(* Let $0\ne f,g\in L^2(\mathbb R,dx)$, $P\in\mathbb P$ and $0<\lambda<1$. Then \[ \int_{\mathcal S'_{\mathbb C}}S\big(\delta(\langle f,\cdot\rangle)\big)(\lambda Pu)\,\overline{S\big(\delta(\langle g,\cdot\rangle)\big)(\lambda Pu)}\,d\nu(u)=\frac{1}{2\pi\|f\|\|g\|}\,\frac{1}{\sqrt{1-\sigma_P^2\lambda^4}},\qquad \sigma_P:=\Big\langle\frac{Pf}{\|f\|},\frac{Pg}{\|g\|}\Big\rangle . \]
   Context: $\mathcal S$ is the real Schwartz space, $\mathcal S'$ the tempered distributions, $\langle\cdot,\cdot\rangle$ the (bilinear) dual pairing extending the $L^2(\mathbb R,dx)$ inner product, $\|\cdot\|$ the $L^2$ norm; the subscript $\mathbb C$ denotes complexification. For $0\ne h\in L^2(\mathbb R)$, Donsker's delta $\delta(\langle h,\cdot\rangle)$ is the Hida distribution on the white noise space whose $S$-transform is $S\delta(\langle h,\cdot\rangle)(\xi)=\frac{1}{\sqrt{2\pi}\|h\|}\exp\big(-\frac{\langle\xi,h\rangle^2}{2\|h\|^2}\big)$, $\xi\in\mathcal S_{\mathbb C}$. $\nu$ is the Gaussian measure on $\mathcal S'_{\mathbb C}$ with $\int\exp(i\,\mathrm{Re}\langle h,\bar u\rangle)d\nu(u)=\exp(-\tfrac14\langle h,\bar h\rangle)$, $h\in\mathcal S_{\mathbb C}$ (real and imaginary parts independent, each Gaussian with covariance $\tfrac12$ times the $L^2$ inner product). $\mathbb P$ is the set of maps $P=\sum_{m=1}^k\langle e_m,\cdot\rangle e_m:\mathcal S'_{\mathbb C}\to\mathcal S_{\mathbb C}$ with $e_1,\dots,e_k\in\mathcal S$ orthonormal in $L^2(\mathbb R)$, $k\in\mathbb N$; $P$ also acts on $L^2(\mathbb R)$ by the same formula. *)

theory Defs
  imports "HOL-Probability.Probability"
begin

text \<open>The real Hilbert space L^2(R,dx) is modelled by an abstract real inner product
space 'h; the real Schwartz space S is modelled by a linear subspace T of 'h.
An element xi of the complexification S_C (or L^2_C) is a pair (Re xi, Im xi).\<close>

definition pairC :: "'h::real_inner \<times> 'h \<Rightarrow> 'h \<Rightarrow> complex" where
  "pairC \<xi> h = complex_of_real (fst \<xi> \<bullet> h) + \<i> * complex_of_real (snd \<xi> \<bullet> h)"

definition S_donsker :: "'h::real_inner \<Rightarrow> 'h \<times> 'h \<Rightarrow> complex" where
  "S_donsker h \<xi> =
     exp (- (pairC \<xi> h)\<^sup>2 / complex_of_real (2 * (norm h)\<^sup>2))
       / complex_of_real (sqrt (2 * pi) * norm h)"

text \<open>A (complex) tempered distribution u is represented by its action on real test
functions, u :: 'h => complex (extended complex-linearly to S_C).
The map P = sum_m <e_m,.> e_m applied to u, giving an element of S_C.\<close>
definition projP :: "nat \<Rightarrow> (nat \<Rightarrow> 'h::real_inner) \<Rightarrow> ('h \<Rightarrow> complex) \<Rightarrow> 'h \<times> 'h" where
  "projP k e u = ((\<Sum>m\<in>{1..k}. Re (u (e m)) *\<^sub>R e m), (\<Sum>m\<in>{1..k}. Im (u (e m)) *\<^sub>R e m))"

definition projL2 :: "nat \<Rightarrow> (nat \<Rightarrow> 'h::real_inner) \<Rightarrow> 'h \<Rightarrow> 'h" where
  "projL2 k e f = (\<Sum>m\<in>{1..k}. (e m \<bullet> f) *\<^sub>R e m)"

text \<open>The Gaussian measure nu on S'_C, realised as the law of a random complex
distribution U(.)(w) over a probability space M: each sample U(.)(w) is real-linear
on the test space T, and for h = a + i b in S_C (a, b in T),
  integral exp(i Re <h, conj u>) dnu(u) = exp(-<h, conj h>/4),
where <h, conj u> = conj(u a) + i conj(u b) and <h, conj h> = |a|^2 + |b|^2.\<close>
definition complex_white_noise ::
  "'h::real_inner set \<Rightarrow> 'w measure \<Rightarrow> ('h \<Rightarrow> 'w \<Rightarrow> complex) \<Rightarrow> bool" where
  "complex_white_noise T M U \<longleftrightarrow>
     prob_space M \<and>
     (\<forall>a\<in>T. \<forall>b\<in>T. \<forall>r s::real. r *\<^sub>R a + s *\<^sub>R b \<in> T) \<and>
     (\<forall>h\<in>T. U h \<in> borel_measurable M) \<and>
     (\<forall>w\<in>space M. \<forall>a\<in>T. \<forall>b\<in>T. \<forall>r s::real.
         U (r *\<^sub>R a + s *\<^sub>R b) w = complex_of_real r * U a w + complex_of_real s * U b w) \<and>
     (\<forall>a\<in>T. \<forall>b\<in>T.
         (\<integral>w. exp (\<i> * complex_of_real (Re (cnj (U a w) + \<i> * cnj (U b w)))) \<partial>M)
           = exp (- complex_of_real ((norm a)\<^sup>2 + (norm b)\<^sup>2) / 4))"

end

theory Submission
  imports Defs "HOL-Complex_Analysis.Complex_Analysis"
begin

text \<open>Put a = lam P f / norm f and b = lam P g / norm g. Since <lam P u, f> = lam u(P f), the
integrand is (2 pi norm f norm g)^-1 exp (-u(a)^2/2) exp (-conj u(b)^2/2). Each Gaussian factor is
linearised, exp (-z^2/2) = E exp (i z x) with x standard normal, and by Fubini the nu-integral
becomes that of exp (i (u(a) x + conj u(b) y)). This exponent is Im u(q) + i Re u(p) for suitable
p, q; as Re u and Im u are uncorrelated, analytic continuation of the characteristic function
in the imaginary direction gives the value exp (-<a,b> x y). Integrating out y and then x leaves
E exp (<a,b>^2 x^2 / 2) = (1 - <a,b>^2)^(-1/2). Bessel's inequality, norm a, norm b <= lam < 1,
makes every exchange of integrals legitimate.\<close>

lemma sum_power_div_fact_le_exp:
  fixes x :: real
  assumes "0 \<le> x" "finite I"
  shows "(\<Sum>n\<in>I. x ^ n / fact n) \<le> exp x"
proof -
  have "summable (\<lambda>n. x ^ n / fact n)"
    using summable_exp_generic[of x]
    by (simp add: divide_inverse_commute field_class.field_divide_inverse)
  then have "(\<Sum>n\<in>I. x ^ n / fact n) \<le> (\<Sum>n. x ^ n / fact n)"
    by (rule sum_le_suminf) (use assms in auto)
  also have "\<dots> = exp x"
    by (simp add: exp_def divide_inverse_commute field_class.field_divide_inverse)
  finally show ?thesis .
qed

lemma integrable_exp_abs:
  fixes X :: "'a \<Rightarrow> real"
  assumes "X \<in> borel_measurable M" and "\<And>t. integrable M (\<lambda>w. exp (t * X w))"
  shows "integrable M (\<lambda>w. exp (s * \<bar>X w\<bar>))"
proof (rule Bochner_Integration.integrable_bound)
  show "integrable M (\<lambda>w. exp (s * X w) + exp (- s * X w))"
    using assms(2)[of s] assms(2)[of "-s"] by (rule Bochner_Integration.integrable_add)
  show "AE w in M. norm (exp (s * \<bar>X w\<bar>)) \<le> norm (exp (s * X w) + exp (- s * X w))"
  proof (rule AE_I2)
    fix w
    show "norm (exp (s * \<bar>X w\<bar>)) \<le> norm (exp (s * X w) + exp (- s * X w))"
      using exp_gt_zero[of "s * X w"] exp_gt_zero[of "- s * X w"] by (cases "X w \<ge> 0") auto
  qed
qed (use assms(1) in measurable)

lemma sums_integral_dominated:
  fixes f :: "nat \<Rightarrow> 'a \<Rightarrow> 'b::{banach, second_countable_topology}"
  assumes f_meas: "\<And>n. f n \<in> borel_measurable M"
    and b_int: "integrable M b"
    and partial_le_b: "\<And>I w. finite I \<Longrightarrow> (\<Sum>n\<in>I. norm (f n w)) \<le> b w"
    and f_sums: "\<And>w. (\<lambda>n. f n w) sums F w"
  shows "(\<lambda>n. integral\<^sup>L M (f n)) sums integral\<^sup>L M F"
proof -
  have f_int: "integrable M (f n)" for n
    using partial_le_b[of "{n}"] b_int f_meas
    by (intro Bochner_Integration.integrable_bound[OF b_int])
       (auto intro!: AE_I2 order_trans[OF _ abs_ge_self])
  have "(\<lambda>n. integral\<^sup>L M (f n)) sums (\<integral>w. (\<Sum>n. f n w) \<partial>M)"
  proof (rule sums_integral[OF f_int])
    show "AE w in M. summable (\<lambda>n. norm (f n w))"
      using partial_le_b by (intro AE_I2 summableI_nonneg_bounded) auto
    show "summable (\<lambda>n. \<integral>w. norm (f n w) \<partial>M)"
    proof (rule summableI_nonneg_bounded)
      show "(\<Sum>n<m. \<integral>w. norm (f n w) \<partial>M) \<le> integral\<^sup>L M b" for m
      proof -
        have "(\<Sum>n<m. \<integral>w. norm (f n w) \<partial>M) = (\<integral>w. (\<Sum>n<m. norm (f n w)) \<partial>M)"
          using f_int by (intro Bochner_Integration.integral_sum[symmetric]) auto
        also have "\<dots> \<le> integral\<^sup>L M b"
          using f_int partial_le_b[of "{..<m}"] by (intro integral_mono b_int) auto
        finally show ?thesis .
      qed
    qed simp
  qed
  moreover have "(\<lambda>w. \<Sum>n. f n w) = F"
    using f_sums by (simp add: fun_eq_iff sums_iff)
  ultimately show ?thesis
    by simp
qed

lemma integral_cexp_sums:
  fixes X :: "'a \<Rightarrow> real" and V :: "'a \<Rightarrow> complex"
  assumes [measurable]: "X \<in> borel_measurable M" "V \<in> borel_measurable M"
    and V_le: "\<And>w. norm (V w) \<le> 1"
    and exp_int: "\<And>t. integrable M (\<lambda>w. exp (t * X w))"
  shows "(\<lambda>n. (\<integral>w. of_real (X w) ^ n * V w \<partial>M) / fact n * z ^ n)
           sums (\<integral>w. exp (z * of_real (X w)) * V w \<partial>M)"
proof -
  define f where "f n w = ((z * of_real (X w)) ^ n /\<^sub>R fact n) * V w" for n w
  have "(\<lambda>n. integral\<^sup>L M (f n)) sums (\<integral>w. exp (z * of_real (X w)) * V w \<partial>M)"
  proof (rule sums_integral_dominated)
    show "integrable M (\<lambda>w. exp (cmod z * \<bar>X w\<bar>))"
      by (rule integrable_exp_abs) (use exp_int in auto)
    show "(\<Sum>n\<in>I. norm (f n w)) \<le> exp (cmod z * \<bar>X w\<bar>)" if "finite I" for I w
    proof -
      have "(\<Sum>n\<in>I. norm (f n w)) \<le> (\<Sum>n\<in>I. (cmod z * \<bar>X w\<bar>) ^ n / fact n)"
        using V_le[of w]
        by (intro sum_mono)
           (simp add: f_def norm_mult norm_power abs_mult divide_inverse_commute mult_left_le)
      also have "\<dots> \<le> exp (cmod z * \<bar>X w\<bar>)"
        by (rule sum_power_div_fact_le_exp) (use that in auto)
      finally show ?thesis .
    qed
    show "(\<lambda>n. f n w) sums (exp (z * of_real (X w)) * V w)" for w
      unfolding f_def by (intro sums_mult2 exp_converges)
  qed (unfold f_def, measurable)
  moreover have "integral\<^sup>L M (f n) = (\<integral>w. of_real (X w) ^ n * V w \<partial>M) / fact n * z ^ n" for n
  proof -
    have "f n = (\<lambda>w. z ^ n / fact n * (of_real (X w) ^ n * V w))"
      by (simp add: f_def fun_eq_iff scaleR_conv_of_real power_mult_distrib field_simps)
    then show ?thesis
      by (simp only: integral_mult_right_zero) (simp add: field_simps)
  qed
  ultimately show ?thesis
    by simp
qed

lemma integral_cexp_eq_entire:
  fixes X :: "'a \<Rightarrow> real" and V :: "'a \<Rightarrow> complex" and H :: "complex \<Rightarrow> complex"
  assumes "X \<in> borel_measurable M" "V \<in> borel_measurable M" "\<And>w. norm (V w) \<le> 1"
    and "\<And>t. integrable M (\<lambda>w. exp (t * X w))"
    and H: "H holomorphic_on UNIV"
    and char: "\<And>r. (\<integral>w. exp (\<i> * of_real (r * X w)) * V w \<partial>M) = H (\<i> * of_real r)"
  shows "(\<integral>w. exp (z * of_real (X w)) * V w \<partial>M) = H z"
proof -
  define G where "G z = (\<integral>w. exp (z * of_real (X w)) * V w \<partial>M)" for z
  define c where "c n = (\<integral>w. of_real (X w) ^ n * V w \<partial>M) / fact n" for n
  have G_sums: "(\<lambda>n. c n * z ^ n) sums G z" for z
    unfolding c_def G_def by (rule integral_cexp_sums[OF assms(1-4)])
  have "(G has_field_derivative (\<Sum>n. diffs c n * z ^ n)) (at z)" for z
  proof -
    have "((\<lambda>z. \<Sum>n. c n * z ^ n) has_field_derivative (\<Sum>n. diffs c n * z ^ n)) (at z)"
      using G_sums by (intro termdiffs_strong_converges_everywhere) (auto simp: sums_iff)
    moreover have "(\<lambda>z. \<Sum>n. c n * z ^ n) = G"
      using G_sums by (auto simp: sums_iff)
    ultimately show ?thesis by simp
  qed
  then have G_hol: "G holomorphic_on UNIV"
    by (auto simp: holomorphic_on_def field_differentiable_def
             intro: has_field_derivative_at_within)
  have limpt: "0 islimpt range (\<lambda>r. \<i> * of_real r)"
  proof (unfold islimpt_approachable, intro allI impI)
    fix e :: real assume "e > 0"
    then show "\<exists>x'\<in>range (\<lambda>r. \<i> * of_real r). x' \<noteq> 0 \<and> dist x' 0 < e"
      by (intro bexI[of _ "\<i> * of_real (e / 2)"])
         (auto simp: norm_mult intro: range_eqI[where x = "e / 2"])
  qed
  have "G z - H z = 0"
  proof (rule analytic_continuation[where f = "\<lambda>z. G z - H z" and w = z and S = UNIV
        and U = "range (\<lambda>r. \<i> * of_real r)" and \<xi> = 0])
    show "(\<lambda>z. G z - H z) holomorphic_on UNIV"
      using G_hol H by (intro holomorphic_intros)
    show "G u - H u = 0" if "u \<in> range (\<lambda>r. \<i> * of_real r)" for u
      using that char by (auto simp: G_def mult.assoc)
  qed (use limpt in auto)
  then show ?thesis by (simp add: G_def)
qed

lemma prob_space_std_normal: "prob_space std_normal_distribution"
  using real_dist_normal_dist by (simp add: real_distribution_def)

▸ **What you will do**
Copy out, exactly and alone, the lines of the entries above between the ones holding "by (rule sum_power_div_fact_le_exp)" and "unfolding f_def by", inclusive.

▸ **Reply**
        by (rule sum_power_div_fact_le_exp) (use that in auto)
      finally show ?thesis .
    qed
    show "(\<lambda>n. f n w) sums (exp (z * of_real (X w)) * V w)" for w
      unfolding f_def by (intro sums_mult2 exp_converges)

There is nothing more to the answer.